10 Facts About Israeli Refugees

  1. Those seeking asylum in Israel do not have any rights or eligibility for social services.
  2. The Israeli government tries to push many refugees out of the country by detaining them, not accepting their asylum claims, not allowing them to participate in social services and through repatriation.
  3. The Supreme Court of Israel does not approve of the government’s treatment of Israeli refugees, specifically those of African descent. In two separate decisions, the Court has asked the Israeli government for policies that will take basic human rights principles into considerations for African refugees. Although the government did not comply, the Court’s demands for more comprehensive legislation concerning refugees is a step in the right direction.
  4. Palestinian refugees who re-enter Israel are considered “infiltrators” for crossing the border under the Prevention of Infiltration Law. The Israeli government has considered them a threat to national security since it passed the law in the 1950s.
  5. As of 2008, the Israeli government also considers African refugees “infiltrators.” The government passed an amendment to the Prevention of Infiltration Law in 2011, officially making the presence of African refugees in Israel unlawful.

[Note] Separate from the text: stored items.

(* Let $N\ge1$ and $\mathtt{SNR}=\infty$. Then $$\frac{\mathbb E\!\left[\sum_{n=1}^N\frac{\mathsf g_n}{\mathsf I_n}\right]}{\mathbb E\!\left[\max\left\{\frac{\mathsf g_1}{\mathsf I_1},\dots,\frac{\mathsf g_N}{\mathsf I_N}\right\}\right]}\le\frac{N\,\mathbb E[\mathsf g_1]}{\mathbb E[\max\{\mathsf g_1,\dots,\mathsf g_N\}]}.$$ In particular, for Rayleigh fading ($m_{\mathrm D}=m_{\mathrm I}=1$) the ratio of mean post-combiner SINR of MRC to that of selection combining is at most $N\left(\sum_{n=1}^N\frac1n\right)^{-1}$, the corresponding ratio in the interference-free case.
   Context: Let $\Phi=\{\mathsf x_i\}_{i\ge0}$ be a homogeneous Poisson point process on $\mathbb R^2$ of intensity $\lambda>0$. A receiver with $N$ antennas is at the origin; the desired transmitter is at distance $d>0$; $\alpha>2$. $\mathsf g_1,\dots,\mathsf g_N$ are i.i.d. Gamma with shape $m_{\mathrm D}$ (a positive integer) and scale $1/m_{\mathrm D}$; $\mathsf h_{n,i}$ are i.i.d. Gamma with shape $m_{\mathrm I}>0$ and scale $1/m_{\mathrm I}$; all mutually independent and independent of $\Phi$. $\mathsf I_n=d^{\alpha}\sum_i\mathsf h_{n,i}\|\mathsf x_i\|^{-\alpha}$ (all $\mathsf I_n$ share the same point process $\Phi$ and are identically distributed). The numerator is the mean post-combiner SINR of MRC and the denominator the mean SINR of selection combining (which picks the branch with largest $\mathsf g_n/\mathsf I_n$). *)

theory Defs
  imports "HOL-Probability.Probability"
begin

definition gamma_density :: "real \<Rightarrow> real \<Rightarrow> real \<Rightarrow> real" where
  "gamma_density k \<theta> t =
     (if 0 < t then t powr (k - 1) * exp (- t / \<theta>) / (Gamma k * \<theta> powr k) else 0)"

text \<open>A random point configuration in the plane, given by an enumeration of its points.
  Number of points in a set B.\<close>
definition pcount :: "(nat \<Rightarrow> 'a \<Rightarrow> real^2) \<Rightarrow> (real^2) set \<Rightarrow> 'a \<Rightarrow> nat" where
  "pcount x B \<omega> = card {i. x i \<omega> \<in> B}"

definition is_ppp :: "'a measure \<Rightarrow> real \<Rightarrow> (nat \<Rightarrow> 'a \<Rightarrow> real^2) \<Rightarrow> bool" where
  "is_ppp M lam x \<longleftrightarrow>
     (\<forall>i. x i \<in> borel_measurable M) \<and>
     (AE \<omega> in M. inj (\<lambda>i. x i \<omega>) \<and> (\<forall>B. bounded B \<longrightarrow> finite {i. x i \<omega> \<in> B})) \<and>
     (\<forall>B k. B \<in> sets borel \<and> bounded B \<longrightarrow>
        measure M {\<omega> \<in> space M. pcount x B \<omega> = k} =
          (lam * measure lborel B) ^ k / fact k * exp (- (lam * measure lborel B))) \<and>
     (\<forall>(B :: nat \<Rightarrow> (real^2) set) J. finite J \<and> (\<forall>j\<in>J. B j \<in> sets borel \<and> bounded (B j))
        \<and> disjoint_family_on B J \<longrightarrow>
        prob_space.indep_vars M (\<lambda>_. count_space UNIV) (\<lambda>j \<omega>. pcount x (B j) \<omega>) J)"

definition interf :: "real \<Rightarrow> real \<Rightarrow> (nat \<Rightarrow> nat \<Rightarrow> 'a \<Rightarrow> real) \<Rightarrow> (nat \<Rightarrow> 'a \<Rightarrow> real^2)
                      \<Rightarrow> nat \<Rightarrow> 'a \<Rightarrow> real" where
  "interf d \<alpha> h x n \<omega> = d powr \<alpha> * (\<Sum>i. h n i \<omega> * norm (x i \<omega>) powr (- \<alpha>))"

end

theory Submission
  imports Defs
begin

(*
  Write Y_n = 1 / I_n. The gains g_n are i.i.d. and independent of the point process and of the
  interference fading, hence of every Y_n; so MRC has mean E[g_1] * sum_n E[Y_n].
  For selection combining, split max_n g_n evenly among the indices attaining it. The share
  F_n(g) of index n satisfies sum_n F_n(g) Y_n <= max_n g_n Y_n, F_n(g) is independent of Y_n,
  and by exchangeability of g every E[F_n(g)] equals E[max_n g_n] / N. Hence
  E[max_n g_n Y_n] >= E[max_n g_n] / N * sum_n E[Y_n], which is the claimed bound.
  For exponential gains E[max_n g_n] is the harmonic number H_N. The Poisson process only enters
  to show that for alpha > 2 the interference series converges almost surely.
*)

section \<open>Independent sub-\<open>\<sigma>\<close>-algebras and products of integrals\<close>

lemma sets_vimage_algebra_subset:
  assumes "f \<in> measurable A T"
  shows "sets (vimage_algebra (space A) f T) \<subseteq> sets A"
proof -
  have "f \<in> space A \<rightarrow> space T"
    using measurable_space[OF assms] by auto
  then show ?thesis
    using measurable_sets[OF assms] by (auto simp: sets_vimage_algebra2)
qed

lemma (in prob_space) indep_set_mono:
  "indep_set A B \<Longrightarrow> A' \<subseteq> A \<Longrightarrow> B' \<subseteq> B \<Longrightarrow> indep_set A' B'"
  unfolding indep_sets2_eq by blast

lemma (in prob_space) indep_set_commute:
  assumes "indep_set A B"
  shows "indep_set B A"
  unfolding indep_sets2_eq
proof (intro conjI ballI)
  show "B \<subseteq> events" "A \<subseteq> events"
    using assms by (simp_all add: indep_sets2_eq)
  fix b a assume "b \<in> B" "a \<in> A"
  then have "prob (a \<inter> b) = prob a * prob b"
    using assms by (simp add: indep_sets2_eq)
  then show "prob (b \<inter> a) = prob b * prob a"
    by (simp add: Int_commute mult.commute)
qed

lemma (in prob_space) indep_var_commute: "indep_var S X T Y \<Longrightarrow> indep_var T Y S X"
  unfolding indep_var_eq by (blast intro: indep_set_commute)

lemma (in prob_space) indep_var_sub_sigma_algebras:
  assumes indep: "indep_set (sets A) (sets B)"
    and space: "space A = space M" "space B = space M"
    and U: "U \<in> measurable A S" and V: "V \<in> measurable B T"
  shows "indep_var S U T V"
proof -
  have "sets A \<subseteq> events" "sets B \<subseteq> events"
    using indep by (auto simp: indep_sets2_eq)
  then have "random_variable S U" "random_variable T V"
    using measurable_mono[of S S A M] measurable_mono[of T T B M] U V space by auto
  moreover have "sigma_sets (space M) {U -` X \<inter> space M |X. X \<in> sets S} \<subseteq> sets A"
    using sets_vimage_algebra_subset[OF U] space by (simp add: sets_vimage_algebra)
  moreover have "sigma_sets (space M) {V -` X \<inter> space M |X. X \<in> sets T} \<subseteq> sets B"
    using sets_vimage_algebra_subset[OF V] space by (simp add: sets_vimage_algebra)
  ultimately show ?thesis
    unfolding indep_var_eq using indep_set_mono[OF indep] by blast
qed

text \<open>The \<open>\<sigma>\<close>-algebra generated by the intersections \<open>a \<inter> c\<close> is the join of \<open>A\<close> and \<open>C\<close>.\<close>
lemma (in prob_space) indep_set_join:
  assumes AD: "indep_set A D" and BC: "indep_set B C" and "B \<subseteq> D" "C \<subseteq> D"
    and B: "sigma_algebra (space M) B" and D: "sigma_algebra (space M) D"
    and A: "sigma_algebra (space M) A" and C: "sigma_algebra (space M) C"
  shows "indep_set B (sigma_sets (space M) {a \<inter> c |a c. a \<in> A \<and> c \<in> C})"
proof -
  interpret A: sigma_algebra "space M" A by fact
  interpret B: sigma_algebra "space M" B by fact
  interpret C: sigma_algebra "space M" C by fact
  interpret D: sigma_algebra "space M" D by fact
  let ?E = "{a \<inter> c |a c. a \<in> A \<and> c \<in> C}"
  have "indep_set B ?E"
    unfolding indep_sets2_eq
  proof (intro conjI ballI)
    show "B \<subseteq> events" using BC by (simp add: indep_sets2_eq)
    show "?E \<subseteq> events" using AD BC by (auto simp: indep_sets2_eq)
    fix b e assume "b \<in> B" "e \<in> ?E"
    then obtain a c where ac: "a \<in> A" "c \<in> C" "e = a \<inter> c" by blast
    have "b \<inter> c \<in> D" using \<open>b \<in> B\<close> ac assms(3,4) by blast
    then have "prob (a \<inter> (b \<inter> c)) = prob a * prob (b \<inter> c)"
      using AD ac by (simp add: indep_sets2_eq)
    moreover have "prob (b \<inter> c) = prob b * prob c"
      using BC \<open>b \<in> B\<close> ac by (simp add: indep_sets2_eq)
    moreover have "prob (a \<inter> c) = prob a * prob c"
      using AD ac assms(4) by (auto simp: indep_sets2_eq)
    ultimately show "prob (b \<inter> e) = prob b * prob e"
      by (simp add: ac Int_ac)
  qed
  moreover have "Int_stable ?E"
  proof (rule Int_stableI)
    fix e e' assume "e \<in> ?E" "e' \<in> ?E"
    then obtain a c a' c' where "a \<in> A" "c \<in> C" "a' \<in> A" "c' \<in> C" "e = a \<inter> c" "e' = a' \<inter> c'"
      by blast
    then show "e \<inter> e' \<in> ?E"
      by (intro CollectI exI[of _ "a \<inter> a'"] exI[of _ "c \<inter> c'"]) auto
  qed
  ultimately have "indep_set (sigma_sets (space M) B) (sigma_sets (space M) ?E)"
    by (intro indep_set_sigma_sets B.Int_stable)
  then show ?thesis by (simp add: B.sigma_sets_eq)
qed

  6. African refugees protested in 2014 in order for the Israeli government to recognize their rights. According to the African Refugee Development Center (ARDC), this was the first time that the asylum-seekers had distinct leaders associated with the movement. The height of the movement involved about 20,000 refugees and supporters. The peaceful approach helped to give government officials and the public more empathy for these refugees. The foundations of these protests will hopefully pave the way to legislative and societal changes in favor of refugees.
  7. Palestinian refugees are among the largest refugee populations in the world. According to the Palestinian Return Centre, about one in every three refugees from around the world is Palestinian.
  8. Many Palestinian refugees have remained close to their places of origins in Israel, the Gaza Strip and the West Bank. More than one and a quarter million Palestinian refugees live in the nearly 60 official refugee camps in the West Bank, Gaza Strip, Jordan, Lebanon and Syria. Others live in unofficial camps.
  9. The Palestinian Return Centre reports that some of the factors keeping Palestinians in camps include political and social struggles, as well as the physical safety of the camps. The refugee camps also stand as a symbol for the temporal situation of a people still asking to return to their homes.
  10. Even after many decades of displacement due to struggles with the Israeli government, Palestinians cannot return to their homes within the state of Israel in most cases. The peace process between Israel and Palestine has been slow, and most of the deliberations have not accounted for refugee rights.

The Israeli government must find a way to ensure the rights of Israeli refugees, whether they are from Palestine, Africa or anywhere else. Considering the current lack of legislative support for Israeli refugees, the refugee protests and pushes from the Supreme Court are a crucial foundation for ensuring the rights of these people.